I do not think it is a good idea to make an assumption like that whether it is rotoundfolia or indica. lets just say it is Rotoundfolia (The most common by far). Nutrients level will affect color radically. Now to fix your problem, Check to see co2 is 25-35, If it is good raise KNO3 dosages, if still no improvement raise KH2PO4 dosages. If nothing has happend maybe add a little Potassium. It does not look like a trace defeciency. Thoughs are usually obviouse from White new growth. if you have White new growth add more Iron + traces.


That is the best i know to tell you.


----------



## shawnme (Aug 13, 2004)

how long should i wait before i conclude that there's no improvement before i move on to the next option??


----------



## ShaneSmith (Feb 15, 2004)

A week to be sure.
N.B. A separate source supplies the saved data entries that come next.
lemma nonconstant_spaceable:
  fixes f :: "'a::metric_space \<Rightarrow> 'b::real_normed_vector"
  assumes "f \<in> Lip" "f a = f b" "a \<noteq> b" "f p \<noteq> f q"
  shows "\<exists>X. X \<subseteq> Lip \<and> fun_space.subspace X \<and> lip_closed X \<and> has_dim_of_E X
    \<and> f \<in> X \<and> (\<forall>g\<in>X. \<not> inj g)"
proof -
  obtain BE :: "'b set" where BE: "independent BE" "span BE = UNIV"
    by (metis basis_exists[of UNIV] top_le)
  moreover have "BE \<noteq> {}"
    using BE(2) assms(4) by (metis UNIV_I empty_iff insert_iff span_empty)
  ultimately obtain BH :: "'b set" and v
    where BH: "independent BH" "closed (span BH)" "v \<notin> BH" "insert v BH \<approx> BE"
    by (rule closed_span_one_short_of_basis)
  define B where "B = insert f ((\<lambda>e x. e) ` BH)"
  have "(\<lambda>e (x::'a). e) ` BH \<approx> BH"
    using inj_const_fun by (auto intro: inj_on_image_eqpoll_self inj_on_subset)
  then have "B \<approx> insert v BH"
    unfolding B_def using assms(4) BH(3) by (intro insert_eqpoll_cong) auto
  then have "has_dim_of_E (fun_space.span B)"
    unfolding has_dim_of_E_def B_def
    using fun_independent_insert_nonconstant[of f p q, OF assms(4) BH(1)] BE BH(4) eqpoll_trans
    by blast
  moreover have "fun_space.span B = multiples_plus_consts f (span BH)"
    unfolding B_def by (rule fun_span_insert_const_image)
  moreover have "f \<in> multiples_plus_consts f (span BH)"
    unfolding multiples_plus_consts_def
    by (intro CollectI exI[of _ 1] exI[of _ 0]) (simp add: span_zero)
  ultimately show ?thesis
    using assms BH(2) multiples_plus_consts_subset_Lip multiples_plus_consts_not_inj
      lip_closed_multiples_plus_consts fun_space.subspace_span by metis
qed

theorem proposition4p7:
  fixes f :: "'a::metric_space \<Rightarrow> 'b::banach"
  assumes "\<exists>x y::'a. x \<noteq> y"
    and "f \<in> Lip"
    and "\<not> inj f"
  shows "\<exists>X. X \<subseteq> Lip \<and> module.subspace fun_scale X \<and> lip_closed X \<and> has_dim_of_E X
             \<and> f \<in> X \<and> (\<forall>g\<in>X. \<not> inj g)"
proof -
  obtain a b where ab: "f a = f b" "a \<noteq> b"
    using assms(3) unfolding inj_def by blast
  show ?thesis
  proof (cases "\<exists>p q. f p \<noteq> f q")
    case True
    then show ?thesis
      using nonconstant_spaceable[OF assms(2) ab] by blast
  next
    case False
    then have "f = (\<lambda>x. f a)"
      by blast
    then show ?thesis
      using constants_spaceable[OF ab(2), of "f a"] by simp
  qed
qed

end
lemma binding_of_product_ge:
  fixes a b S g y P1 P2 b1 b2 :: real
  assumes ab: "a > 0" "b > 0" "a + b = 1" and y: "0 < y" "y \<le> 1" and g: "g > 0"
    and S: "b/2 \<le> S" "escape_bound a b y \<le> S"
    and P: "b1^2 \<le> P1" "b2^2 \<le> P2"
    and big: "S + g \<le> (1 - (a*P1 + b*P2)/2) * (a*b1 + b*b2)^2"
  shows "(P1/2 - 1)*b1^2 \<le> - binding_margin g"
proof (rule ccontr)
  define \<eta> where "\<eta> = g/4"
  define \<zeta> where "\<zeta> = min 1 (g/10)"
  assume "\<not> ?thesis"
  then have neg: "-(\<eta>*\<zeta>^2) < (P1/2 - 1)*b1^2" unfolding \<eta>_def \<zeta>_def binding_margin_def by simp
  have S0: "S \<ge> 0" using S ab by simp
  have bound: "a*P1 + b*P2 < 2"
  proof (rule ccontr)
    assume "\<not> ?thesis"
    then have "(1 - (a*P1 + b*P2)/2) * (a*b1 + b*b2)^2 \<le> 0" by (simp add: mult_nonpos_nonneg)
    then show False using big S0 g by linarith
  qed
  consider "2 - 2*\<eta> \<le> P1" | "P1 < 2 - 2*\<eta>" by linarith
  then show False
  proof cases
    case 1
    have "(1 - (a*P1 + b*P2)/2) * (a*b1 + b*b2)^2 \<le> escape_bound a b y + 2*\<eta>"
      by (rule product_le_near_escape[OF ab y P _ 1]) (use g bound in \<open>auto simp: \<eta>_def\<close>)
    then show False using big S g unfolding \<eta>_def by linarith
  next
    case 2
    then have "(P1/2 - 1)*b1^2 \<le> -\<eta>*b1^2" by (intro mult_right_mono) auto
    then have "\<eta>*b1^2 < \<eta>*\<zeta>^2" using neg by linarith
    then have "b1^2 < \<zeta>^2" using g unfolding \<eta>_def by simp
    then have "\<bar>b1\<bar> \<le> \<zeta>" using power2_less_imp_less[of "\<bar>b1\<bar>" \<zeta>] g unfolding \<zeta>_def by simp
    moreover have "\<zeta> \<le> 1" unfolding \<zeta>_def by simp
    ultimately have "S + g \<le> b/2 + 5*\<zeta>"
      using product_le_near_radial[OF ab P bound] big by (meson order_trans)
    then show False using S g unfolding \<zeta>_def by linarith
  qed
qed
Here is what i do, Tom barr recommended this fertilization regimne to me.

Sunday: 6ppm NO3 from KNO3, 1.9ppm PO4 from KH2PO4
Monday: Flourish + Flourish Iron
Tuesday:6ppm NO3 from KNO3, 1.9ppm PO4 from KH2PO4
Wednesday:Flourish + Flourish Iron
Thursday:6ppm NO3 from KNO3, 1.9ppm PO4 from KH2PO4
Friday:Flourish + Flourish Iron
Saturday:6ppm NO3 from KNO3, 1.9ppm PO4 from KH2PO4
Sunday:6ppm NO3 from KNO3, 1.9ppm PO4 from KH2PO4 (After WC)

Works good for me. Our light levels are pretty similar. I dont know about your bioload, i have 11 otos in my tank right now, that is all. The shrimp should not add much ammonium or anything. So i would say try that if you dont want to do all this guess and check.


----------



## shawnme (Aug 13, 2004)

hey..thanks for sharing...great example..

mind posting your tank parameters too?? as i'm really having trouble trying to figure out Tom Barr's method in order to apply it to my tank.

guess i'm starting to get hold of the idea now..

thanks again..


----------



## tsunami (Jan 24, 2004)

Just to chime in on a small detail, there _is_ a Rotala rotundifolia "Colorata" circulating outside of the United States in countries of Asia and Europe.

More information can be obtained from the Dennerle website:

www.dennerle.com

This is the bright red "rotundifolia" Takashi Amano has been using in his layouts. What we have in the United States is a more toned down variety.

Carlos


----------